When you say "hole in the head" and the way you described how you felt, was it as if your spiritual presence that resides in your body became only aware of your internal functioning? As if you could only concentrate what was happening inside your thoughts and as if looking through your eyes, the rest of the world was nothing more than a peripheral movie? You still had a sense of your surroundings, but were so caught up in trying to remain calm and get yourself out of whatever panic you were in?

I've had those feelings at times and it feels like not only a panic attack, but that I feel "detached" from reality though I still know whats going on around me... Seems that just my "vision" seems to jump from an external presence to an internal mind-racing struggle to get a grip on myself. On top of it all, I felt my body get weak and sweaty, like I was losing control and my chest got tight. My breathing gets a little shallow and I think I'm going to suffocate or my heart is going to stop, but I know it's not. I'm a healthy 23 year old male and I live a fairly active lifestyle and don't really indulge on illicit recreational activities. I was curious as to more of your mental viewpoint and what you may have done to help break the panic cycle.

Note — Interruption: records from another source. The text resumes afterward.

(* For every integer $n\ge 0$, $$l_{3n}(1,2,-1,q)\,[3n+1]=(-1)^n q^{\frac{n(3n-1)}{2}}[n+1],$$ $$l_{3n+1}(1,2,-1,q)\,[3n+2]=(-1)^n q^{\frac{n(3n+1)}{2}}[n+1]\,(1+q^{n+1}),$$ $$l_{3n+2}(1,2,-1,q)\,[3n+3]=(-1)^n q^{\frac{3n^2+5n+4}{2}}[n+1].$$
   Context: $q$ is an indeterminate; $[n]=\frac{1-q^n}{1-q}$, $[n]!=[1]\cdots[n]$, $[0]!=1$. For an integer $m\ge0$, $$l_n(x,m,s,q)=\sum_{k=0}^{\lfloor n/2\rfloor}s^k q^{\binom k2}\frac{[n]!}{[k]!\,[n-2k]!}\,\frac{[m+n-k-1]!}{[m+n-1]!}\,x^{n-2k}\quad (n\ge1),\qquad l_0(x,m,s,q)=1.$$ *)

theory Defs
  imports "HOL-Computational_Algebra.Polynomial" "HOL-Computational_Algebra.Fraction_Field"
begin

definition qX :: "int poly fract" where
  "qX = Fract [:0, 1:] 1"

definition qint :: "'a::field \<Rightarrow> nat \<Rightarrow> 'a" where
  "qint q n = (1 - q ^ n) / (1 - q)"

definition qfact :: "'a::field \<Rightarrow> nat \<Rightarrow> 'a" where
  "qfact q n = (\<Prod>i = 1..n. qint q i)"

definition lpoly :: "nat \<Rightarrow> 'a::field \<Rightarrow> nat \<Rightarrow> 'a \<Rightarrow> 'a \<Rightarrow> 'a" where
  "lpoly n x m s q =
     (if n = 0 then 1 else
      (\<Sum>k = 0..n div 2. s ^ k * q ^ (k choose 2)
          * (qfact q n / (qfact q k * qfact q (n - 2 * k)))
          * (qfact q (m + n - k - 1) / qfact q (m + n - 1))
          * x ^ (n - 2 * k)))"

end

(*
  Let F_n(x) = sum_k (-1)^k q^(k choose 2) [n-k choose k]_q x^k be the q-Fibonacci
  polynomial.  Since [n+1-k](1-q) = 1 - q^(n+1-k), the definition of l_n with m = 2 gives
      (1-q) [n+1] l_n(1,2,-1,q) = F_n(1) - q^(n+1) F_n(1/q).
  The two q-Pascal rules for Gaussian binomials give the recurrences
      F_(n+2)(x) = F_(n+1)(qx) - x F_n(qx)   and   F_(n+2)(x) = F_(n+1)(x) - x q^n F_n(x/q),
  so u_n = F_n(1) and v_n = F_n(1/q) satisfy a coupled linear system; its solution is
  periodic modulo 3 up to signed pentagonal powers of q, which gives the three identities.
*)
theory Submission
  imports Defs
begin

section \<open>q-integers and Gaussian binomials at a generic q\<close>

lemma qfact_0 [simp]: "qfact q 0 = 1"
  by (simp add: qfact_def)

lemma qfact_Suc: "qfact q (Suc n) = qfact q n * qint q (Suc n)"
  by (simp add: qfact_def prod.nat_ivl_Suc')

lemma qint_0 [simp]: "qint q 0 = 0"
  by (simp add: qint_def)

definition qbinom :: "'a::field \<Rightarrow> nat \<Rightarrow> nat \<Rightarrow> 'a" where
  "qbinom q N k = (if k \<le> N then qfact q N / (qfact q k * qfact q (N - k)) else 0)"

text \<open>All denominators \<open>[i]\<close> and \<open>[i]!\<close> are nonzero as soon as q is not a root of unity.\<close>
locale generic_q =
  fixes q :: "'a::field"
  assumes not_root_of_unity: "\<And>i. i \<ge> 1 \<Longrightarrow> q ^ i \<noteq> 1"
begin

lemma q_ne_1: "q \<noteq> 1"
  using not_root_of_unity[of 1] by simp

lemma qint_nonzero: "i \<ge> 1 \<Longrightarrow> qint q i \<noteq> 0"
  using not_root_of_unity[of i] q_ne_1 by (simp add: qint_def)

lemma qfact_nonzero: "qfact q n \<noteq> 0"
  by (induction n) (simp_all add: qfact_Suc qint_nonzero)

text \<open>\<open>[a + b] = [a] + q\<^sup>a [b]\<close>: the source of both q-Pascal rules.\<close>
lemma qint_add: "qint q (a + b) = qint q a + q ^ a * qint q b"
  using q_ne_1 by (simp add: qint_def power_add field_simps)

lemma qint_times_1_minus_q: "qint q n * (1 - q) = 1 - q ^ n"
  using q_ne_1 by (simp add: qint_def)

lemma qbinom_0 [simp]: "qbinom q N 0 = 1"
  by (simp add: qbinom_def qfact_nonzero)

lemma qbinom_eq_0: "N < k \<Longrightarrow> qbinom q N k = 0"
  by (simp add: qbinom_def)

text \<open>Two ratio formulas expressing neighbouring Gaussian binomials through \<open>[N choose k]\<^sub>q\<close>;
  they hold for all k because \<open>[0] = 0\<close>.\<close>
lemma qbinom_Suc_Suc: "qbinom q (Suc N) (Suc k) = qbinom q N k * qint q (Suc N) / qint q (Suc k)"
proof (cases "k \<le> N")
  case True
  then have "Suc N - Suc k = N - k" by simp
  with True show ?thesis
    by (simp add: qbinom_def qfact_Suc qfact_nonzero qint_nonzero field_simps)
qed (simp add: qbinom_def)

lemma qbinom_Suc_right: "qbinom q N (Suc k) = qbinom q N k * qint q (N - k) / qint q (Suc k)"
proof (cases "k < N")
  case True
  then have "N - k = Suc (N - Suc k)" by simp
  with True show ?thesis
    by (simp add: qbinom_def qfact_Suc qfact_nonzero qint_nonzero field_simps)
qed (simp add: qbinom_def)

lemma qbinom_pascal1:
  "qbinom q (Suc N) (Suc k) = q ^ Suc k * qbinom q N (Suc k) + qbinom q N k"
proof (cases "k \<le> N")
  case True
  then have "qint q (Suc N) = qint q (Suc k) + q ^ Suc k * qint q (N - k)"
    using qint_add[of "Suc k" "N - k"] by simp
  then show ?thesis
    unfolding qbinom_Suc_Suc qbinom_Suc_right[of N k] by (simp add: qint_nonzero field_simps)
qed (simp add: qbinom_eq_0)

lemma qbinom_pascal2:
  "qbinom q (Suc N) (Suc k) = qbinom q N (Suc k) + q ^ (N - k) * qbinom q N k"
proof (cases "k \<le> N")
  case True
  then have "qint q (Suc N) = qint q (N - k) + q ^ (N - k) * qint q (Suc k)"
    using qint_add[of "N - k" "Suc k"] by simp
  then show ?thesis
    unfolding qbinom_Suc_Suc qbinom_Suc_right[of N k] by (simp add: qint_nonzero field_simps)
qed (simp add: qbinom_eq_0)

end

section \<open>q-Fibonacci polynomials\<close>

definition qfib_coeff :: "'a::field \<Rightarrow> nat \<Rightarrow> nat \<Rightarrow> 'a" where
  "qfib_coeff q n k = (-1) ^ k * q ^ (k choose 2) * qbinom q (n - k) k"

definition qfib :: "'a::field \<Rightarrow> nat \<Rightarrow> 'a \<Rightarrow> 'a" where
  "qfib q n x = (\<Sum>k\<le>n. qfib_coeff q n k * x ^ k)"

lemma choose_2_Suc: "Suc k choose 2 = (k choose 2) + k"
  by (cases k) (simp_all add: numeral_2_eq_2)

context generic_q
begin

lemma qfib_coeff_0 [simp]: "qfib_coeff q n 0 = 1"
  by (simp add: qfib_coeff_def binomial_eq_0)

lemma qfib_coeff_eq_0: "n < k \<Longrightarrow> qfib_coeff q n k = 0"
  by (simp add: qfib_coeff_def qbinom_eq_0)

lemma qfib_coeff_rec1:
  "qfib_coeff q (Suc (Suc n)) (Suc k) = q ^ Suc k * qfib_coeff q (Suc n) (Suc k) - q ^ k * qfib_coeff q n k"
proof (cases "k \<le> n")
  case True
  then have "Suc (Suc n) - Suc k = Suc (n - k)" "Suc n - Suc k = n - k" by simp_all
  then show ?thesis
    by (simp add: qfib_coeff_def qbinom_pascal1 choose_2_Suc power_add algebra_simps)
qed (simp add: qfib_coeff_def qbinom_eq_0)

I've researched this feeling I had and I came across an article on wikipedia (http://en.wikipedia.org/wiki/Depersonalization) that better explains some of the feelings I experienced when I had a panic attack. Perhaps you can relate?

i haven't checked this out in a while. i'm having a really rough time. something horrible is happening to someone i love and i can't help them except with love and support. i haven't really eaten since saturday, sleeping horribly but the worst part is when i try to go to sleep i get these horrible sensations like i've been smoking pot but i havent and horrible visuals and i swear my heart leaps into my throat rendering me afraid to sleep. i'm so worried about my brother. so i have to get myself sorted(i'm going to the dr in like an hour). i'm needed in 2 places at once and i won't be able to function or keep up if i don't take care of myself. my kids need me here, my family needs me there. i have to get my **** straight.

please do take care and appreciate what you have now. it could change so fast.